VEGF immunostaining and testing of vascular permeability. Improvement of renal microvasculature was associated with restoration of VEGF expression in the outer medulla. In sham-operated kidneys, VEGF-staining was most evident in the outer medulla (a). In the remnant kidney, however, the expression faded substantially, in parallel with progressive loss of peritubular capillaries (b). Administration of cobalt restored expression of VEGF in these areas (c). Leakage/permeability of newly formed vessels was examined by measuring the Evans blue dye content (d). In the remnant kidney, the dye content in vehicle-treated and cobalt-treated rat kidneys revealed no difference, indicating that the newly constructed vasculature by cobalt was not leakage prone. (a–c) Original magnification × 100 and (d) n=3–4 in each group.
The capillary networks in cobalt-treated animals revealed no increase in vascular permeability, as assessed by Evans blue dye content in the cortex of the kidney (Figure 6d). The baseline content of Evans blue was 65.8±10.1 ng/mg dry tissue. In the remnant kidney, the dye content was 120.2±13.3 ng/mg in the RK group and 122.7±13.7 ng/mg in the RK-Co group, respectively.
Cobalt Treatment Protects Tubular Cells from Apoptosis and Inhibits Macrophage Infiltration
The renoprotective effect of cobalt was associated with a reduced number of apoptotic tubular cells and infiltrating macrophages (Figure 7). In the cortex, the number of TUNEL-positive tubular cells appeared to be less in the RK-Co group (Figure 7c, 2.5±0.4 per × 200 field) than in the RK group (Figure 7b, 5.1±0.3, P<0.01; Figure 7a–c and quantified in Figure 7g). The number of ED-1-positive infiltrating macrophages was also counted in the cortical tubulointerstitium and was significantly less in the RK-Co group (26.3±2.5 per × 200 field) than in the RK group (44.8±4.6, P<0.01; Figure 7d–f and quantified in Figure 7h).
TUNEL and ED-1 staining. The renoprotective effect of cobalt was also associated with the reduced number of apoptotic tubular cells and infiltrating macrophages in the cortical tubulointerstitium. In TUNEL staining, the number of apoptosis (arrows) was markedly reduced by cobalt treatment (a–c, quantified in (g); counting: per × 200 field, P<0.01). The number of infiltrating macrophages was also reduced in the cobalt-treated group (d–f, quantified in (h); counting: per × 200 field).

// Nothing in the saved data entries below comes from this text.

(* Let $G=(V,E)$ be a finite graph of maximum degree $\Delta$, and for $u\in V$ let $d_u$ denote the degree of $u$. Let $\boldsymbol\lambda\in[0,\infty)^{V}$ satisfy $\lambda_u<1/\Delta$ for all $u\in V$. Then \[ \mathbb{E}_{G,\boldsymbol\lambda}|I| \;\ge\; \sum_{u\in V}\frac{\lambda_u}{1+(d_u+1)\lambda_u}. \]
   Context: For a graph $G=(V,E)$, $\mathcal I(G)$ denotes the set of independent sets of $G$ (including $\emptyset$). For a fugacity vector $\boldsymbol\lambda\in[0,\infty)^V$, the hard-core model is the probability measure on $\mathcal I(G)$ given by $\Pr_{G,\boldsymbol\lambda}(I)=\frac{1}{Z_G(\boldsymbol\lambda)}\prod_{v\in I}\lambda_v$, where $Z_G(\boldsymbol\lambda)=\sum_{J\in\mathcal I(G)}\prod_{v\in J}\lambda_v$. $\mathbb{E}_{G,\boldsymbol\lambda}$ denotes expectation with respect to this measure, and $I$ denotes the random independent set. *)

theory Defs
  imports "HOL-Analysis.Analysis"
begin

definition simple_graph :: "'a set \<Rightarrow> ('a \<Rightarrow> 'a \<Rightarrow> bool) \<Rightarrow> bool" where
  "simple_graph V E \<longleftrightarrow> finite V \<and> (\<forall>u v. E u v \<longrightarrow> u \<in> V \<and> v \<in> V)
     \<and> (\<forall>u v. E u v \<longrightarrow> E v u) \<and> (\<forall>u. \<not> E u u)"

definition degree :: "'a set \<Rightarrow> ('a \<Rightarrow> 'a \<Rightarrow> bool) \<Rightarrow> 'a \<Rightarrow> nat" where
  "degree V E u = card {v \<in> V. E u v}"

definition max_degree :: "'a set \<Rightarrow> ('a \<Rightarrow> 'a \<Rightarrow> bool) \<Rightarrow> nat" where
  "max_degree V E = (if V = {} then 0 else Max (degree V E ` V))"

definition independent_sets :: "'a set \<Rightarrow> ('a \<Rightarrow> 'a \<Rightarrow> bool) \<Rightarrow> 'a set set" where
  "independent_sets V E = {I. I \<subseteq> V \<and> (\<forall>u\<in>I. \<forall>v\<in>I. \<not> E u v)}"

definition weight :: "('a \<Rightarrow> real) \<Rightarrow> 'a set \<Rightarrow> real" where
  "weight lam I = (\<Prod>v\<in>I. lam v)"

definition partition_fn :: "'a set \<Rightarrow> ('a \<Rightarrow> 'a \<Rightarrow> bool) \<Rightarrow> ('a \<Rightarrow> real) \<Rightarrow> real" where
  "partition_fn V E lam = (\<Sum>J\<in>independent_sets V E. weight lam J)"

definition hardcore_prob :: "'a set \<Rightarrow> ('a \<Rightarrow> 'a \<Rightarrow> bool) \<Rightarrow> ('a \<Rightarrow> real) \<Rightarrow> 'a set \<Rightarrow> real" where
  "hardcore_prob V E lam I = weight lam I / partition_fn V E lam"

definition expected_size :: "'a set \<Rightarrow> ('a \<Rightarrow> 'a \<Rightarrow> bool) \<Rightarrow> ('a \<Rightarrow> real) \<Rightarrow> real" where
  "expected_size V E lam = (\<Sum>I\<in>independent_sets V E. real (card I) * hardcore_prob V E lam I)"

end

(*
  Write p v for the probability that v lies in the random independent set I and
  mu v = lam v / (1 + lam v).  Adding v to an independent set avoiding the closed
  neighbourhood of v shows p v = lam v * Pr(I avoids N[v]), and a union bound over N[v]
  gives the covering constraints  p v + mu v * (sum of p over the neighbours of v) >= mu v.
  So E|I| = sum of p v is at least the value of this covering LP, which is bounded by weak
  duality: since every neighbourhood has mu-mass at most D/(D+1) < 1 (D the maximum
  degree), the map
  gamma |-> 1 - (sum of mu u * gamma u over the neighbours) is a contraction, and its fixed
  point gamma >= 0 is a feasible dual solution.  A sum-of-squares argument shows that its
  value sum mu v * gamma v is at least sum mu v / (1 + d v * mu v), which equals the claimed
  bound sum lam v / (1 + (d v + 1) * lam v).
*)

theory Submission
  imports Defs
begin

definition neighbours :: "'a set \<Rightarrow> ('a \<Rightarrow> 'a \<Rightarrow> bool) \<Rightarrow> 'a \<Rightarrow> 'a set" where
  "neighbours V E v = {u \<in> V. E v u}"

lemma in_neighbours_iff [simp]: "u \<in> neighbours V E v \<longleftrightarrow> u \<in> V \<and> E v u"
  by (simp add: neighbours_def)

lemma finite_neighbours: "finite V \<Longrightarrow> finite (neighbours V E v)"
  by (simp add: neighbours_def)

lemma degree_eq_card_neighbours: "degree V E v = card (neighbours V E v)"
  by (simp add: degree_def neighbours_def)

lemma sum_neighbours_swap:
  assumes "finite V" and "symp E"
  shows "(\<Sum>v\<in>V. \<Sum>u\<in>neighbours V E v. f u v) = (\<Sum>u\<in>V. \<Sum>v\<in>neighbours V E u. f u v)"
proof -
  have "(\<Sum>v\<in>V. \<Sum>u\<in>neighbours V E v. f u v) = (\<Sum>u\<in>V. \<Sum>v\<in>{v \<in> V. E v u}. f u v)"
    unfolding neighbours_def by (rule sum.swap_restrict[OF assms(1,1)])
  moreover have "{v \<in> V. E v u} = neighbours V E u" for u
    using \<open>symp E\<close> by (auto simp: neighbours_def dest: sympD)
  ultimately show ?thesis by simp
qed

lemma sum_neighbours_nonneg_symmetric:
  assumes "finite V" and "symp E"
    and "\<And>u v. u \<in> V \<Longrightarrow> v \<in> V \<Longrightarrow> 0 \<le> f u v + f v u"
  shows "0 \<le> (\<Sum>v\<in>V. \<Sum>u\<in>neighbours V E v. f u v :: real)"
proof -
  have "0 \<le> (\<Sum>v\<in>V. \<Sum>u\<in>neighbours V E v. f u v + f v u)"
    by (intro sum_nonneg assms(3)) (auto simp: neighbours_def)
  also have "\<dots> = 2 * (\<Sum>v\<in>V. \<Sum>u\<in>neighbours V E v. f u v)"
    using sum_neighbours_swap[OF assms(1,2), of "\<lambda>u v. f v u"] by (simp add: sum.distrib)
  finally show ?thesis by simp
qed

section \<open>A covering linear program and its dual\<close>

definition dual_step :: "'a set \<Rightarrow> ('a \<Rightarrow> 'a \<Rightarrow> bool) \<Rightarrow> ('a \<Rightarrow> real) \<Rightarrow> ('a \<Rightarrow> real) \<Rightarrow> 'a \<Rightarrow> real" where
  "dual_step V E mu g v = 1 - (\<Sum>u\<in>neighbours V E v. mu u * g u)"

lemma dual_step_unit_interval:
  assumes "\<And>u. u \<in> V \<Longrightarrow> 0 \<le> mu u" and "(\<Sum>u\<in>neighbours V E v. mu u) \<le> 1"
    and "\<And>u. u \<in> V \<Longrightarrow> 0 \<le> g u \<and> g u \<le> 1"
  shows "0 \<le> dual_step V E mu g v \<and> dual_step V E mu g v \<le> 1"
proof -
  have "(\<Sum>u\<in>neighbours V E v. mu u * g u) \<le> (\<Sum>u\<in>neighbours V E v. mu u)"
    using assms(1,3) by (intro sum_mono mult_left_le) auto
  moreover have "0 \<le> (\<Sum>u\<in>neighbours V E v. mu u * g u)"
    using assms(1,3) by (intro sum_nonneg mult_nonneg_nonneg) auto
  ultimately show ?thesis
    using assms(2) by (simp add: dual_step_def)
qed

lemma dual_step_contraction:
  assumes "\<And>u. u \<in> V \<Longrightarrow> 0 \<le> mu u" and "(\<Sum>u\<in>neighbours V E v. mu u) \<le> q" and "0 \<le> M"
    and "\<And>u. u \<in> V \<Longrightarrow> \<bar>g u - h u\<bar> \<le> M"
  shows "\<bar>dual_step V E mu g v - dual_step V E mu h v\<bar> \<le> q * M"
proof -
  have "\<bar>dual_step V E mu g v - dual_step V E mu h v\<bar> = \<bar>\<Sum>u\<in>neighbours V E v. mu u * (h u - g u)\<bar>"
    by (simp add: dual_step_def sum_subtractf right_diff_distrib)
  also have "\<dots> \<le> (\<Sum>u\<in>neighbours V E v. \<bar>mu u * (h u - g u)\<bar>)"
    by (rule sum_abs)
  also have "\<dots> \<le> (\<Sum>u\<in>neighbours V E v. mu u * M)"
    using assms(1,4)
    by (intro sum_mono) (auto simp: abs_mult abs_minus_commute intro!: mult_left_mono)
  also have "\<dots> \<le> q * M"
    using assms(2,3) by (simp add: sum_distrib_right[symmetric] mult_right_mono)
  finally show ?thesis .
qed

HIF-1 in Tubular Epithelial Cells Modulates Endothelial Proliferation In Vitro
Endothelial proliferation by systemic HIF activation was further analyzed by in vitro experiments, focusing on the role of HIF-1 in neighboring tubular epithelial cells and that of HIF-2 in renal endothelial cells. These different cell types and HIF-2 isoforms were selected based on previous in vivo observations on HIF-α isoform expression.14, 28
To test whether HIF-1 in tubular epithelial cells modulates endothelial cell proliferation, CM were prepared from normoxic or hypoxic, control and dnHIF-1α IRPTC (Figure 8). Incubation of cultured endothelial cells with the CM from normoxic culture revealed no difference in proliferation. However, when the CM were obtained from hypoxic IRPTC clones, endothelial cell growth showed a clear difference according to the origin of IRPTC clones (control or dnHIF-1α). Use of the CM obtained from hypoxic dnHIF-1α clones resulted in the impairment of endothelial growth as compared to those from hypoxic control IRPTC. Similar results were obtained in both MTS (a) and BrdU incorporation (b) assays. The difference in endothelial proliferation indicates that HIF-1 in renal tubules either promotes the release of angiogenic factors or inhibits the secretion of angiostatic substances in response to hypoxia.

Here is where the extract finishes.